Problem requirements –
Once the line containing "theory Defs" is found, set down that line and each one after it exactly, through the end of the entries.

Segment Start: Provided information

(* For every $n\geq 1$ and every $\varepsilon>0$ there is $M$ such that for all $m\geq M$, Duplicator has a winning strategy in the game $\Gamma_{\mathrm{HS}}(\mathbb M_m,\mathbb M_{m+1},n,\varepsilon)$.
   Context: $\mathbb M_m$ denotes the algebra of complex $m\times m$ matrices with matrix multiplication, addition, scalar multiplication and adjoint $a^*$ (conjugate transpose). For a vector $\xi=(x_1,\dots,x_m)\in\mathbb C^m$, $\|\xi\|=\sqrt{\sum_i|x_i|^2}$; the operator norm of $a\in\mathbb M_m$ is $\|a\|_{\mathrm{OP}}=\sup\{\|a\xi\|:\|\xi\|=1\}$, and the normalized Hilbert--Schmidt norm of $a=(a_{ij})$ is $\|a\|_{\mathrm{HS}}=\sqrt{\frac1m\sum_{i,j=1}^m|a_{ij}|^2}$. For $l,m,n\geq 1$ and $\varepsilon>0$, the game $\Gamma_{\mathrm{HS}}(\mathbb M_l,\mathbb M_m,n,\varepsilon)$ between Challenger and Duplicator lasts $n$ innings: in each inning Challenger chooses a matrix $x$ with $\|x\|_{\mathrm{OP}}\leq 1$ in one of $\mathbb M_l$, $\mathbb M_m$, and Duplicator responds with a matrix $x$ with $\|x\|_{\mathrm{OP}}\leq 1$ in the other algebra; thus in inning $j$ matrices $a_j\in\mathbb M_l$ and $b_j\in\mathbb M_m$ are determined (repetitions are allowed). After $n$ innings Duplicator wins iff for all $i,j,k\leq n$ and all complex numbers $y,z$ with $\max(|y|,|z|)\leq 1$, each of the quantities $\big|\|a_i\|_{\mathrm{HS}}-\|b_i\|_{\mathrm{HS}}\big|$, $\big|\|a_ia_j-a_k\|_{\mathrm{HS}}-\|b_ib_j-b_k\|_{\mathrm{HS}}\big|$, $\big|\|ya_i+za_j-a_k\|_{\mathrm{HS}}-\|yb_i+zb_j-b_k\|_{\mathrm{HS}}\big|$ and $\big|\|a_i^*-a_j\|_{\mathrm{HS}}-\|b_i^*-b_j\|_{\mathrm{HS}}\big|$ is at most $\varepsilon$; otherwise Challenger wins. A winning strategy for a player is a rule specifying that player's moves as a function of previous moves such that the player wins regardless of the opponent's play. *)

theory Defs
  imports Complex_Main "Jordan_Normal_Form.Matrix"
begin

Segment End: Provided information

Exercise solution –
theory Defs
  imports Complex_Main "Jordan_Normal_Form.Matrix"
begin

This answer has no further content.